Using the records that appear below, write out exactly the lines from the one with "proof cases" through the one with "DIM('v) * \<bar>s2 - s1\<bar> powr (2", keeping both end lines.

[Stored data]
╔══

lemma surface_constant_ge:
  defines "K \<equiv> surface_constant H \<rho> DIM('v)"
  shows "H \<le> K" "2 * H \<le> K" "real DIM('v) * (H\<^sup>2 * sewing_constant (2 * \<rho>)) \<le> K"
    "real DIM('v) * (4 * H\<^sup>2 * sewing_constant (3 * \<rho> / 2)) \<le> K"
    "real DIM('v) * (4 * H\<^sup>2 * sewing_constant (3 * \<rho> / 2) + 2 * H\<^sup>2) \<le> K"
proof -
  define Z2 Z3 where "Z2 = sewing_constant (2 * \<rho>)" and "Z3 = sewing_constant (3 * \<rho> / 2)"
  have "0 \<le> Z2" "0 \<le> Z3" unfolding Z2_def Z3_def using rho_gt by (auto intro!: sewing_constant_nonneg)
  then have "0 \<le> H\<^sup>2 * Z2" "0 \<le> H\<^sup>2 * Z3" by simp_all
  define T where "T = 2 * H + H\<^sup>2 * Z2 + 4 * (H\<^sup>2 * Z3) + 2 * H\<^sup>2"
  have K: "K = real DIM('v) * T"
    unfolding K_def T_def Z2_def Z3_def surface_constant_def by (simp add: algebra_simps)
  have d: "1 \<le> real DIM('v)" by (simp add: DIM_positive Suc_le_eq)
  have T: "0 \<le> T" "2 * H \<le> T" "H\<^sup>2 * Z2 \<le> T" "4 * H\<^sup>2 * Z3 \<le> T" "4 * H\<^sup>2 * Z3 + 2 * H\<^sup>2 \<le> T"
    unfolding T_def using H_nonneg \<open>0 \<le> H\<^sup>2 * Z2\<close> \<open>0 \<le> H\<^sup>2 * Z3\<close> by (simp_all add: zero_le_power2)
  have "T \<le> K" unfolding K using mult_right_mono[OF d T(1)] by simp
  then show "H \<le> K" "2 * H \<le> K" using T(2) H_nonneg by linarith+
  show "real DIM('v) * (H\<^sup>2 * sewing_constant (2 * \<rho>)) \<le> K"
    "real DIM('v) * (4 * H\<^sup>2 * sewing_constant (3 * \<rho> / 2)) \<le> K"
    "real DIM('v) * (4 * H\<^sup>2 * sewing_constant (3 * \<rho> / 2) + 2 * H\<^sup>2) \<le> K"
    unfolding K Z2_def[symmetric] Z3_def[symmetric] using T d by (auto intro!: mult_left_mono)
qed

context
  fixes M \<beta> :: real
  assumes M: "1 \<le> M" and \<beta>: "0 < \<beta>"
    and M_ge: "\<And>F. F \<in> gamma_factors \<rho> \<Longrightarrow> surface_constant H \<rho> DIM('v) * (\<beta> * F) \<le> M"
begin

lemma xh_level_rho_holder:
  assumes "k \<in> {1, 2}" "0 \<le> s1" "s1 \<le> s2" "s2 \<le> 1" "0 \<le> t" "t \<le> 1"
  shows "lvlnorm k (xh_of X s1 s2 t) \<le> omega (M powr (1 / \<rho>)) s1 s2 powr (real k * \<rho>) / (\<beta> * fct (real k * \<rho>))"
proof (rule le_omega_powr_div)
  consider "k = 1" | "k = 2" using assms(1) by blast
  then show "lvlnorm k (xh_of X s1 s2 t) \<le> surface_constant H \<rho> DIM('v) * \<bar>s2 - s1\<bar> powr (real k * \<rho>)"
  proof cases
    case 1
    have "lvlnorm 1 (xh_of X s1 s2 t) \<le> H * \<bar>s2 - s1\<bar> powr \<rho>" using assms by (intro xh_level1_le) auto
    also have "\<dots> \<le> surface_constant H \<rho> DIM('v) * \<bar>s2 - s1\<bar> powr \<rho>"
      using surface_constant_ge(1) by (rule mult_right_mono) simp
    finally show ?thesis using 1 by simp
  next
    case 2
    have "lvlnorm 2 (xh_of X s1 s2 t)
        \<le> real DIM('v) * (H\<^sup>2 * sewing_constant (2 * \<rho>)) * \<bar>s2 - s1\<bar> powr (2 * \<rho>)"
      using xh_level2_le assms by simp
    also have "\<dots> \<le> surface_constant H \<rho> DIM('v) * \<bar>s2 - s1\<bar> powr (2 * \<rho>)"
      using surface_constant_ge(3) by (rule mult_right_mono) simp
    finally show ?thesis using 2 by simp
  qed
  show "surface_constant H \<rho> DIM('v) * (\<beta> * fct (real k * \<rho>)) \<le> M"
    using assms(1) by (intro M_ge) (auto simp: gamma_factors_def)
qed (use assms M \<beta> rho_gt in \<open>auto intro!: mult_pos_pos fct_pos\<close>)
lemma gauss_term_contiguous:
  "gauss_term q d s m - (1 - d * q ^ s) * gauss_term q d (Suc s) m
     = (1 - q ^ m) * gauss_term q d s m - (1 - q ^ Suc m) * gauss_term q d s (Suc m)"
proof -
  define x where "x = q ^ m"
  define y where "y = q ^ s"
  define h where "h = gauss_term q d s m"
  have qxy: "1 - q * x * y \<noteq> 0"
    using one_minus_power_Suc_nonzero[OF norm_q, of "s + m"]
    by (simp add: x_def y_def power_add mult_ac)
  have qx: "1 - q * x \<noteq> 0"
    using one_minus_power_Suc_nonzero[OF norm_q, of m] by (simp add: x_def)
  have inv_Suc: "inv_qfact q (Suc (s + m)) = inv_qfact q (s + m) / (1 - q * x * y)"
    "inv_qfact q (Suc m) = inv_qfact q m / (1 - q * x)"
    using inv_qfact_Suc[of q "s + m"] inv_qfact_Suc[of q m]
    by (simp_all add: x_def y_def power_add mult_ac)
  have "gauss_term q d (Suc s) m = h * x / (1 - q * x * y)"
    unfolding h_def gauss_term_def using inv_Suc by (simp add: x_def power_add mult_ac)
  moreover have "gauss_term q d s (Suc m)
      = h * x * y * (q * x - d) / ((1 - q * x) * (1 - q * x * y))"
    unfolding h_def gauss_term_def using inv_Suc
    by (simp add: x_def y_def qpoch_poly_Suc power_add mult_ac add.commute[of s m] flip: add_Suc)
  ultimately show ?thesis
    unfolding h_def[symmetric] x_def[symmetric] y_def[symmetric] power_Suc
    using qxy qx by (simp add: divide_simps) algebra
qed

lemma gauss_sum_rec: "gauss_sum q d s = (1 - d * q ^ s) * gauss_sum q d (Suc s)"
proof -
  let ?g = "\<lambda>m. (1 - q ^ m) * gauss_term q d s m"
  have "gauss_term q d s \<longlonglongrightarrow> 0"
    by (rule summable_LIMSEQ_zero[OF summable_gauss_term])
  then have "?g \<longlonglongrightarrow> (1 - 0) * 0"
    by (intro tendsto_mult tendsto_diff tendsto_const LIMSEQ_power_zero) (use norm_q in auto)
  then have "(\<lambda>m. ?g m - ?g (Suc m)) sums (?g 0 - 0)"
    by (intro telescope_sums') simp
  then have "(\<lambda>m. gauss_term q d s m - (1 - d * q ^ s) * gauss_term q d (Suc s) m) sums 0"
    by (simp add: gauss_term_contiguous)
  moreover have "(\<lambda>m. gauss_term q d s m - (1 - d * q ^ s) * gauss_term q d (Suc s) m)
      sums (gauss_sum q d s - (1 - d * q ^ s) * gauss_sum q d (Suc s))"
    unfolding gauss_sum_def by (intro sums_diff summable_sums sums_mult summable_gauss_term)
  ultimately show ?thesis
    using sums_unique2 by fastforce
qed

╚══

RESPONSE TO THE EXERCISE:
  proof cases
    case 1
    have "lvlnorm 1 (xh_of X s1 s2 t) \<le> H * \<bar>s2 - s1\<bar> powr \<rho>" using assms by (intro xh_level1_le) auto
    also have "\<dots> \<le> surface_constant H \<rho> DIM('v) * \<bar>s2 - s1\<bar> powr \<rho>"
      using surface_constant_ge(1) by (rule mult_right_mono) simp
    finally show ?thesis using 1 by simp
  next
    case 2
    have "lvlnorm 2 (xh_of X s1 s2 t)
        \<le> real DIM('v) * (H\<^sup>2 * sewing_constant (2 * \<rho>)) * \<bar>s2 - s1\<bar> powr (2 * \<rho>)"
      using xh_level2_le assms by simp
    also have "\<dots> \<le> surface_constant H \<rho> DIM('v) * \<bar>s2 - s1\<bar> powr (2 * \<rho>)"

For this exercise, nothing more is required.